[[ SUPPLIED RECORDS open ]]

text \<open>Nonnegativity and condition \<open>(\<ast>)\<close> depend only on the supports of the components
  \<open>f\<^sub>k\<close>. Writing \<open>f = \<Sum>\<^sub>j c\<^sub>j g\<^sub>j\<close>, every coefficient of \<open>f\<close> is a linear form with integer
  coefficients in the finitely many coefficients of the multipliers \<open>c\<^sub>j\<close>. Requiring the
  coefficients outside the supports of \<open>f\<close> to vanish and those inside to be positive is thus a
  rational system of linear equations and strict inequalities. It is solved by the coefficients of
  the \<open>c\<^sub>j\<close>, hence has a rational solution, and clearing denominators gives integral multipliers
  producing an element of \<open>\<M>\<^sub>\<int>\<close> with the same supports.\<close>

definition lin_form :: "'v set \<Rightarrow> ('v \<Rightarrow> real) \<Rightarrow> ('v \<Rightarrow> real) \<Rightarrow> real" where
  "lin_form V L y = (\<Sum>v\<in>V. L v * y v)"

lemma lin_form_cong: "(\<And>v. v \<in> V \<Longrightarrow> y v = y' v) \<Longrightarrow> lin_form V L y = lin_form V L y'"
  unfolding lin_form_def by simp

lemma lin_form_scale: "lin_form V L (\<lambda>v. c * y v) = c * lin_form V L y"
  unfolding lin_form_def sum_distrib_left by (simp add: algebra_simps)

lemma strict_ineqs_rational_solution:
  assumes "finite V" and "finite S" and pos: "\<forall>L\<in>S. lin_form V L x > 0"
  shows "\<exists>y. (\<forall>v\<in>V. y v \<in> \<rat>) \<and> (\<forall>L\<in>S. lin_form V L y > 0)"
proof (cases "S = {}")
  case True
  then show ?thesis by (intro exI[of _ "\<lambda>_. 0"]) auto
next
  case False
  define \<epsilon> where "\<epsilon> = Min ((\<lambda>L. lin_form V L x) ` S)"
  define M where "M = (\<Sum>L\<in>S. \<Sum>v\<in>V. \<bar>L v\<bar>)"
  have "\<epsilon> > 0" using False \<open>finite S\<close> pos unfolding \<epsilon>_def by auto
  have "M \<ge> 0" unfolding M_def by (intro sum_nonneg) auto
  define \<delta> where "\<delta> = \<epsilon> / (M + 1)"
  have "\<delta> > 0" using \<open>\<epsilon> > 0\<close> \<open>M \<ge> 0\<close> unfolding \<delta>_def by auto
  have "M * \<delta> < \<epsilon>"
    using \<open>\<epsilon> > 0\<close> \<open>M \<ge> 0\<close> unfolding \<delta>_def by (simp add: field_simps)
  have "\<forall>v. \<exists>q\<in>\<rat>. x v < q \<and> q < x v + \<delta>"
    using Rats_dense_in_real \<open>\<delta> > 0\<close> by (metis less_add_same_cancel1)
  then obtain y where y: "\<And>v. y v \<in> \<rat> \<and> x v < y v \<and> y v < x v + \<delta>"
    by metis
  have "lin_form V L y > 0" if "L \<in> S" for L
  proof -
    have "\<bar>lin_form V L y - lin_form V L x\<bar> = \<bar>\<Sum>v\<in>V. L v * (y v - x v)\<bar>"
      unfolding lin_form_def by (simp add: sum_subtractf right_diff_distrib)
    also have "\<dots> \<le> (\<Sum>v\<in>V. \<bar>L v\<bar> * \<delta>)"
    proof (intro order.trans[OF sum_abs] sum_mono)
      fix v
      have "\<bar>y v - x v\<bar> \<le> \<delta>" using y[of v] by simp
      then show "\<bar>L v * (y v - x v)\<bar> \<le> \<bar>L v\<bar> * \<delta>" by (simp add: abs_mult mult_left_mono)
    qed
    also have "\<dots> \<le> M * \<delta>"
      unfolding M_def sum_distrib_right[symmetric] using \<open>finite S\<close> that \<open>\<delta> > 0\<close>
      by (intro mult_right_mono member_le_sum) (auto intro: sum_nonneg)
    also have "\<dots> < \<epsilon>" by fact
    also have "\<epsilon> \<le> lin_form V L x" unfolding \<epsilon>_def using \<open>finite S\<close> that by auto
    finally show ?thesis by linarith
  qed
  then show ?thesis using y by blast
qed

lemma lin_form_eliminate_var:
  assumes "finite V" and "w \<in> V" and "L0 w \<noteq> 0"
  shows "lin_form V L (y(w := - lin_form (V - {w}) L0 y / L0 w))
       = lin_form (V - {w}) (\<lambda>v. L v - L w * L0 v / L0 w) y"
proof -
  let ?y' = "y(w := - lin_form (V - {w}) L0 y / L0 w)"
  have "lin_form V L ?y' = L w * ?y' w + lin_form (V - {w}) L ?y'"
    unfolding lin_form_def using assms by (simp add: sum.remove)
  also have "lin_form (V - {w}) L ?y' = lin_form (V - {w}) L y"
    by (rule lin_form_cong) simp
  also have "L w * ?y' w = lin_form (V - {w}) (\<lambda>v. - (L w * L0 v / L0 w)) y"
    unfolding lin_form_def by (simp add: sum_distrib_left sum_divide_distrib sum_negf field_simps)
  finally show ?thesis
    unfolding lin_form_def by (simp add: sum.distrib[symmetric] algebra_simps)
qed

lemma lin_form_solve_var:
  assumes "finite V" and "w \<in> V" and "L0 w \<noteq> 0" and "lin_form V L0 y = 0"
  shows "y(w := - lin_form (V - {w}) L0 y / L0 w) = y"
proof -
  have "0 = L0 w * y w + lin_form (V - {w}) L0 y"
    using assms unfolding lin_form_def by (simp add: sum.remove)
  then show ?thesis using assms(3) by (auto simp: field_simps)
qed

text \<open>Eliminate the equations one variable at a time (so \<open>E\<close> may be infinite), then perturb into
  the open solution set of the finitely many strict inequalities.\<close>
lemma mixed_system_rational_solution:
  assumes "finite V" and "finite S" and "\<forall>L\<in>E \<union> S. \<forall>v\<in>V. L v \<in> \<rat>"
    and "\<forall>L\<in>E. lin_form V L x = 0" and "\<forall>L\<in>S. lin_form V L x > 0"
  shows "\<exists>y. (\<forall>v\<in>V. y v \<in> \<rat>) \<and> (\<forall>L\<in>E. lin_form V L y = 0) \<and> (\<forall>L\<in>S. lin_form V L y > 0)"
  using assms
proof (induction "card V" arbitrary: V E S x rule: less_induct)
  case less
  show ?case
  proof (cases "\<exists>L0\<in>E. \<exists>w\<in>V. L0 w \<noteq> 0")
    case False
    then have "\<forall>L\<in>E. lin_form V L y = 0" for y unfolding lin_form_def by auto
    then show ?thesis using strict_ineqs_rational_solution[OF less.prems(1,2,5)] by blast
  next
    case True
    then obtain L0 w where L0: "L0 \<in> E" and w: "w \<in> V" and "L0 w \<noteq> 0" by blast
    define T where "T L = (\<lambda>v. L v - L w * L0 v / L0 w)" for L :: "_ \<Rightarrow> real"
    define ext where "ext y = y(w := - lin_form (V - {w}) L0 y / L0 w)" for y
    have ext: "lin_form V L (ext y) = lin_form (V - {w}) (T L) y" for L y
      unfolding ext_def T_def using less.prems(1) w \<open>L0 w \<noteq> 0\<close> by (rule lin_form_eliminate_var)
    have "ext x = x"
      unfolding ext_def using less.prems(1,4) w \<open>L0 w \<noteq> 0\<close> L0 by (intro lin_form_solve_var) auto
    then have x: "lin_form (V - {w}) (T L) x = lin_form V L x" for L
      using ext[of L x] by simp
    have "\<forall>L\<in>T ` E \<union> T ` S. \<forall>v\<in>V - {w}. L v \<in> \<rat>"
      using less.prems(3) L0 w unfolding T_def by auto
    moreover have "card (V - {w}) < card V"
      using w less.prems(1) by (meson card_Diff1_less)
    ultimately obtain y where y: "\<forall>v\<in>V - {w}. y v \<in> \<rat>"
      "\<forall>L\<in>T ` E. lin_form (V - {w}) L y = 0" "\<forall>L\<in>T ` S. lin_form (V - {w}) L y > 0"
      using less.hyps[of "V - {w}" "T ` S" "T ` E" x] less.prems x by auto
    have "lin_form (V - {w}) L0 y \<in> \<rat>"
      unfolding lin_form_def using y(1) less.prems(3) L0 by (intro Rats_sum Rats_mult) auto
    then have "\<forall>v\<in>V. ext y v \<in> \<rat>"
      using y(1) less.prems(3) L0 w unfolding ext_def by (auto intro: Rats_divide)
    then show ?thesis using y ext by (intro exI[of _ "ext y"]) auto
  qed
qed

lemma rational_vector_common_denominator:
  assumes "finite V" and "\<forall>v\<in>V. y v \<in> \<rat>"
  shows "\<exists>D::int. D > 0 \<and> (\<forall>v\<in>V. of_int D * y v \<in> \<int>)"
  using assms
proof (induction V rule: finite_induct)
  case empty
  then show ?case by (intro exI[of _ 1]) auto
next
  case (insert u V)
  then obtain D where D: "D > 0" "\<forall>v\<in>V. of_int D * y v \<in> \<int>" by auto
  obtain p q where "q > 0" and u: "y u = of_int p / of_int q"
    using insert.prems by (auto elim!: Rats_cases')
  have "of_int (D * q) * y v \<in> \<int>" if "v \<in> insert u V" for v
  proof (cases "v = u")
    case True
    then show ?thesis using \<open>q > 0\<close> u by (simp add: field_simps)
  next
    case False
    then have "of_int q * (of_int D * y v) \<in> \<int>" using D that by auto
    then show ?thesis by (simp add: mult.assoc mult.left_commute)
  qed
  then show ?case using D \<open>q > 0\<close> by (intro exI[of _ "D * q"]) auto
qed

[[ SUPPLIED RECORDS closed ]]

§ **TASK PROMPT**: Print exactly, and only, the lines beginning at the top of the listing and ending at the line with "the \<open>c\<^sub>j\<close>, hence".

§ **ANSWER SPACE**:
text \<open>Nonnegativity and condition \<open>(\<ast>)\<close> depend only on the supports of the components
  \<open>f\<^sub>k\<close>. Writing \<open>f = \<Sum>\<^sub>j c\<^sub>j g\<^sub>j\<close>, every coefficient of \<open>f\<close> is a linear form with integer
  coefficients in the finitely many coefficients of the multipliers \<open>c\<^sub>j\<close>. Requiring the
  coefficients outside the supports of \<open>f\<close> to vanish and those inside to be positive is thus a
  rational system of linear equations and strict inequalities. It is solved by the coefficients of
  the \<open>c\<^sub>j\<close>, hence has a rational solution, and clearing denominators gives integral multipliers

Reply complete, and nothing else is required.